** What you will do **
With the records below as input, work out how many lines include the word "countable". Give only the number.

----- Supplied records

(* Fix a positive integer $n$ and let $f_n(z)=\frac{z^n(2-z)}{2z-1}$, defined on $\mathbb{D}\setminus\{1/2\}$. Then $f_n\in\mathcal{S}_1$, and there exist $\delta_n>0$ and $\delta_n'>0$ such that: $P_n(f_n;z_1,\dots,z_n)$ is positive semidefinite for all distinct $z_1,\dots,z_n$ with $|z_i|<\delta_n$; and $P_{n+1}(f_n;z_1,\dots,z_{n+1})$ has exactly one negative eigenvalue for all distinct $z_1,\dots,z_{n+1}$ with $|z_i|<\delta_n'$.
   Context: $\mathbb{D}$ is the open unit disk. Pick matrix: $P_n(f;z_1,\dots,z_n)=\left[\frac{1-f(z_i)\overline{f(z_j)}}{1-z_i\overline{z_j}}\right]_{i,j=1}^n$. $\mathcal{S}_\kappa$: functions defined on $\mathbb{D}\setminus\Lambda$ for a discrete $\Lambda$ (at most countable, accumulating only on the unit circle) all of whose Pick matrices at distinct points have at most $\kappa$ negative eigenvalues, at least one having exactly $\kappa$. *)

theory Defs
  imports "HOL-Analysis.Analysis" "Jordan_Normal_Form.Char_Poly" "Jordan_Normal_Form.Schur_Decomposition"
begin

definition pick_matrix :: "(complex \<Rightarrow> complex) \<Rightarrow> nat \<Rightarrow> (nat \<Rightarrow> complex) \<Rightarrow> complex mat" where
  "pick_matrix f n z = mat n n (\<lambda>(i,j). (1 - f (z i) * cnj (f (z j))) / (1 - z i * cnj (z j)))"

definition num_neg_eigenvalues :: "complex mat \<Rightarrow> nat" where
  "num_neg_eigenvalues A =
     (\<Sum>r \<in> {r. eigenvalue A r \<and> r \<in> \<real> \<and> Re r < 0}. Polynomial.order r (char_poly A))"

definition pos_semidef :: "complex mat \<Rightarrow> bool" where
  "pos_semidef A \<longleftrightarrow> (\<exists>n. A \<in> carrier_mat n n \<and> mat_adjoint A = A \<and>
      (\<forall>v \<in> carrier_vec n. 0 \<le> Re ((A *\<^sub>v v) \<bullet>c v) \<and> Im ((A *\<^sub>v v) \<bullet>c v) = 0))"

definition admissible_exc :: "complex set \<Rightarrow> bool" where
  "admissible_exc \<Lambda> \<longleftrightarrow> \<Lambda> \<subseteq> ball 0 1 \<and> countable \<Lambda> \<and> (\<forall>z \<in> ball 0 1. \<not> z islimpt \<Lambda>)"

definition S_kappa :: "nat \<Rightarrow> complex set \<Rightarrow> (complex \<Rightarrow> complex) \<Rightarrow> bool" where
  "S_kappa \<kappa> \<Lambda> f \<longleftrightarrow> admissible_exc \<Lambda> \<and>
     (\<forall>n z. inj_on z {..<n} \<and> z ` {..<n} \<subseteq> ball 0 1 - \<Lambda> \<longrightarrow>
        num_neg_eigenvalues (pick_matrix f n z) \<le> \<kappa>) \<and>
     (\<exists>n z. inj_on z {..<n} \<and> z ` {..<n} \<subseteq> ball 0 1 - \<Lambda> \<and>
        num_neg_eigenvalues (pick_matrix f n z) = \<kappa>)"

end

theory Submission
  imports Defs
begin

----------
----- Supplied records

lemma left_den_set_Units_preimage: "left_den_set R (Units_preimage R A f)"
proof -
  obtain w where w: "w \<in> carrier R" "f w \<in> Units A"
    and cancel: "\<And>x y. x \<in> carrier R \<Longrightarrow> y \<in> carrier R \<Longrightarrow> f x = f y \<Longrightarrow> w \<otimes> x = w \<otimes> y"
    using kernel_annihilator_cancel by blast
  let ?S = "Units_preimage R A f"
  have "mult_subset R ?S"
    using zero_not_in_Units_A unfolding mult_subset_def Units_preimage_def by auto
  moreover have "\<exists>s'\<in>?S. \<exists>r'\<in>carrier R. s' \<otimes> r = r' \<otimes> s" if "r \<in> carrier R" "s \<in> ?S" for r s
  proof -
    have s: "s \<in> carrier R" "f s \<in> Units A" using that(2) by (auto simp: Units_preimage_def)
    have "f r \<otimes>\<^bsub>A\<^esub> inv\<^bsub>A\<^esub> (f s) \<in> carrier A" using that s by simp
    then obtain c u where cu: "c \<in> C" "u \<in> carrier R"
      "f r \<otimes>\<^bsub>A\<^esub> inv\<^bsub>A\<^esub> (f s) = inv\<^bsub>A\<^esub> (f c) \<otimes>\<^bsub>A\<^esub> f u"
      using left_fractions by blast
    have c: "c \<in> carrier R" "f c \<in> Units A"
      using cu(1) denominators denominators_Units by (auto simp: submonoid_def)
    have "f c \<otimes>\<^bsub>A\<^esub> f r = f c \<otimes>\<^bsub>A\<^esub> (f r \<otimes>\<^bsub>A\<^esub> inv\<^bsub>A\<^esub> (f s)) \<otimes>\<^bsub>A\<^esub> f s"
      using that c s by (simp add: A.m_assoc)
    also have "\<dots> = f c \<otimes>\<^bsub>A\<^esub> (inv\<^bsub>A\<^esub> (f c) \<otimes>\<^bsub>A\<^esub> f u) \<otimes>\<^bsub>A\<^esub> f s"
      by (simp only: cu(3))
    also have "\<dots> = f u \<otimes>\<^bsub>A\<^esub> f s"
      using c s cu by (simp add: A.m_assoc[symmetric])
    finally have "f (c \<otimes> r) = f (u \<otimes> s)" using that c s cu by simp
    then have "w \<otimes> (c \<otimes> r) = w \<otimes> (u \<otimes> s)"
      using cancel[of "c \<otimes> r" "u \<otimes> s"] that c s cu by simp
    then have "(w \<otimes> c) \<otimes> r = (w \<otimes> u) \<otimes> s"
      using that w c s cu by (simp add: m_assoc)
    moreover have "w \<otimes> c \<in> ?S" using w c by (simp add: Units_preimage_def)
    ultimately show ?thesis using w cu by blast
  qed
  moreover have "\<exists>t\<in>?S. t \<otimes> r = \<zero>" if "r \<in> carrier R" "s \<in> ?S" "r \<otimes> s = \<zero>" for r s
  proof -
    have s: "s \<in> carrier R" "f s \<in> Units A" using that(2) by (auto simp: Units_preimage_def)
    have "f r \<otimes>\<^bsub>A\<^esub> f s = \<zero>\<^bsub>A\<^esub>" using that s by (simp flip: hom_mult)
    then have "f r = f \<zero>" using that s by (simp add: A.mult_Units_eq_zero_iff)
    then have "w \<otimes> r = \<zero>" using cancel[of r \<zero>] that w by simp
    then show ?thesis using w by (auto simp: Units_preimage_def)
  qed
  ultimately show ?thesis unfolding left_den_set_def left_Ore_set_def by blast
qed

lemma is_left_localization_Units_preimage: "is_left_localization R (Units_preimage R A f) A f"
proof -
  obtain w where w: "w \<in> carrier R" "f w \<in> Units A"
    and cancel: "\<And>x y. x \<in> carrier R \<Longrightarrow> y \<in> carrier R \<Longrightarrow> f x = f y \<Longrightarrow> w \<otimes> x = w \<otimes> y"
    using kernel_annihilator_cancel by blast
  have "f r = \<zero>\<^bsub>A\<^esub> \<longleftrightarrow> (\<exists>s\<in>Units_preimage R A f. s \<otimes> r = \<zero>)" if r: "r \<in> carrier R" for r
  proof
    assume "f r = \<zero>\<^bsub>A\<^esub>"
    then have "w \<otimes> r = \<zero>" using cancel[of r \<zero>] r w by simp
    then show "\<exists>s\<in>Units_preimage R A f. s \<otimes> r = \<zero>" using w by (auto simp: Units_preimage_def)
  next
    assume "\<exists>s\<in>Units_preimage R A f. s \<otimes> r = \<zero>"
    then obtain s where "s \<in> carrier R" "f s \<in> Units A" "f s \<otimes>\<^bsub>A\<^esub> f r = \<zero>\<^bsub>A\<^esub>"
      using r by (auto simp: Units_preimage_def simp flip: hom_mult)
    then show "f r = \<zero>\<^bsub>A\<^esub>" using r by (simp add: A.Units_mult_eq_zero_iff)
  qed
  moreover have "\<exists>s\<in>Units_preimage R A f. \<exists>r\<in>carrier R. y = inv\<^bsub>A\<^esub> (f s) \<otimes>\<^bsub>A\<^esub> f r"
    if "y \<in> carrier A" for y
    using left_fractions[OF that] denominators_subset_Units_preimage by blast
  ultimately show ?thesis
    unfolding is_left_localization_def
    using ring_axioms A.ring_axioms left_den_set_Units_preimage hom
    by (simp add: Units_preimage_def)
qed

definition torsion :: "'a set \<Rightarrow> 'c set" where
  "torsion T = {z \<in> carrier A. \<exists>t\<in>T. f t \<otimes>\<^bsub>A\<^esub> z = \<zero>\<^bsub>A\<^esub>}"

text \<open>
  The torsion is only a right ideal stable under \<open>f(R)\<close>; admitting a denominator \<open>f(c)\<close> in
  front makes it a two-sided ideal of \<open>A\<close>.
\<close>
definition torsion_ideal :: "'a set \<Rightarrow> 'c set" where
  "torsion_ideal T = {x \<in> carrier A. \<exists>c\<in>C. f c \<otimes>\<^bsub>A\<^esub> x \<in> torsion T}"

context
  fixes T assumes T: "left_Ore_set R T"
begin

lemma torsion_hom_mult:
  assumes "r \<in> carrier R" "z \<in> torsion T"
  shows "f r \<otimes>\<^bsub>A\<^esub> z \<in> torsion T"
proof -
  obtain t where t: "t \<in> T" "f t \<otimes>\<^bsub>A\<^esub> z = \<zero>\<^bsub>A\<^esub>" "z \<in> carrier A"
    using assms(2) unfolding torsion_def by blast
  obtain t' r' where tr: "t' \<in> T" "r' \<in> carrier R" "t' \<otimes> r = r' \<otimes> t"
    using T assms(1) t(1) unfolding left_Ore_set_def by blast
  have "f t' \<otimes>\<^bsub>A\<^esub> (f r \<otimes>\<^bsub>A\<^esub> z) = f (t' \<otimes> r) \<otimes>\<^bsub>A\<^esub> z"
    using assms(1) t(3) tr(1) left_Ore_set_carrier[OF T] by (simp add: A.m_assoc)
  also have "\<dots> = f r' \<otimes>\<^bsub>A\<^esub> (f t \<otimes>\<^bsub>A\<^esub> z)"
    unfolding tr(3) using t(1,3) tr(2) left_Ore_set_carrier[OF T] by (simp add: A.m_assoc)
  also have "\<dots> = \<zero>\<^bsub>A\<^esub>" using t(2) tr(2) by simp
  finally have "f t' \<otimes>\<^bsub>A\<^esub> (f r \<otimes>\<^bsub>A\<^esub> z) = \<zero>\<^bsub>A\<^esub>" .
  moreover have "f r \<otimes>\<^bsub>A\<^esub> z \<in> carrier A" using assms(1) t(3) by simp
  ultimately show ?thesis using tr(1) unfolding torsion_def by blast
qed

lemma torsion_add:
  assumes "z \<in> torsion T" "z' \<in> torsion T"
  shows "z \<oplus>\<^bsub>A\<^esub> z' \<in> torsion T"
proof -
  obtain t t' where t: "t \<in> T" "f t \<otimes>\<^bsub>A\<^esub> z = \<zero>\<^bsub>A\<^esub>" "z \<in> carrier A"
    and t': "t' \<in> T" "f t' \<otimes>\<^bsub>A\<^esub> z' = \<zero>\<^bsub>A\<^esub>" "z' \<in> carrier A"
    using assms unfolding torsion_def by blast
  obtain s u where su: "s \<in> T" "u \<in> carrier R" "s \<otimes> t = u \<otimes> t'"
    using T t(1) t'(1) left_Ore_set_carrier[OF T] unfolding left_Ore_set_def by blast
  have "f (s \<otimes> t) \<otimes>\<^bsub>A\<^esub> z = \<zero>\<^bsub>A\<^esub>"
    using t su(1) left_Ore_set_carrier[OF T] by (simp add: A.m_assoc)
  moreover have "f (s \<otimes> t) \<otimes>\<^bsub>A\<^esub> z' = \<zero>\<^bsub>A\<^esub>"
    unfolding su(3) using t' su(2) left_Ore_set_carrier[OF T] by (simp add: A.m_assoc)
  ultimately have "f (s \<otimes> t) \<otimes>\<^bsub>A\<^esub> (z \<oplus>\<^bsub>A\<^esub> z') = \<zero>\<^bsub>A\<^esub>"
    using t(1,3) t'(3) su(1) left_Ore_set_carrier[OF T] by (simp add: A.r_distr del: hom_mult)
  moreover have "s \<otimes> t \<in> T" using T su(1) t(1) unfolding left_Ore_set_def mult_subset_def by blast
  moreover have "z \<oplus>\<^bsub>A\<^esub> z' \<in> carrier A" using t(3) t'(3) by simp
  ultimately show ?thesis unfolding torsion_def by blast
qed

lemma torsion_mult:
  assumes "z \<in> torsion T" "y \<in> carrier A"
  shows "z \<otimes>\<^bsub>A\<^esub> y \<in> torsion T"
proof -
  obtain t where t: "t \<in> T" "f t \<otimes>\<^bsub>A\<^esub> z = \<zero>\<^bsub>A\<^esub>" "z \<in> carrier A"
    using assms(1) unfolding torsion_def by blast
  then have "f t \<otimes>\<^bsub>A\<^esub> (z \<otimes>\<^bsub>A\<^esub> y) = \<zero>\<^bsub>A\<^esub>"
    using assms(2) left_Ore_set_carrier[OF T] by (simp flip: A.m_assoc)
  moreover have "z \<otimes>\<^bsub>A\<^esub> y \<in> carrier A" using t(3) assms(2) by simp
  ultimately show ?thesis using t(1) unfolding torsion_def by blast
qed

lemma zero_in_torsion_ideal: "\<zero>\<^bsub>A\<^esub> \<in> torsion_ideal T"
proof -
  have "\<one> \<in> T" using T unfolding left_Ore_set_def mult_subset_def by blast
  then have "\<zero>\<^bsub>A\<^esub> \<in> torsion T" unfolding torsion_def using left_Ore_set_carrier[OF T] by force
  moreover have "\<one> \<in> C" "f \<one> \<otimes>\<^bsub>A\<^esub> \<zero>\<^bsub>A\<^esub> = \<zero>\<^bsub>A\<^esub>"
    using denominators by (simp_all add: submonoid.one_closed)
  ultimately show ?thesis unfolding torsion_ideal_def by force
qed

----------

** Exercise solution **
2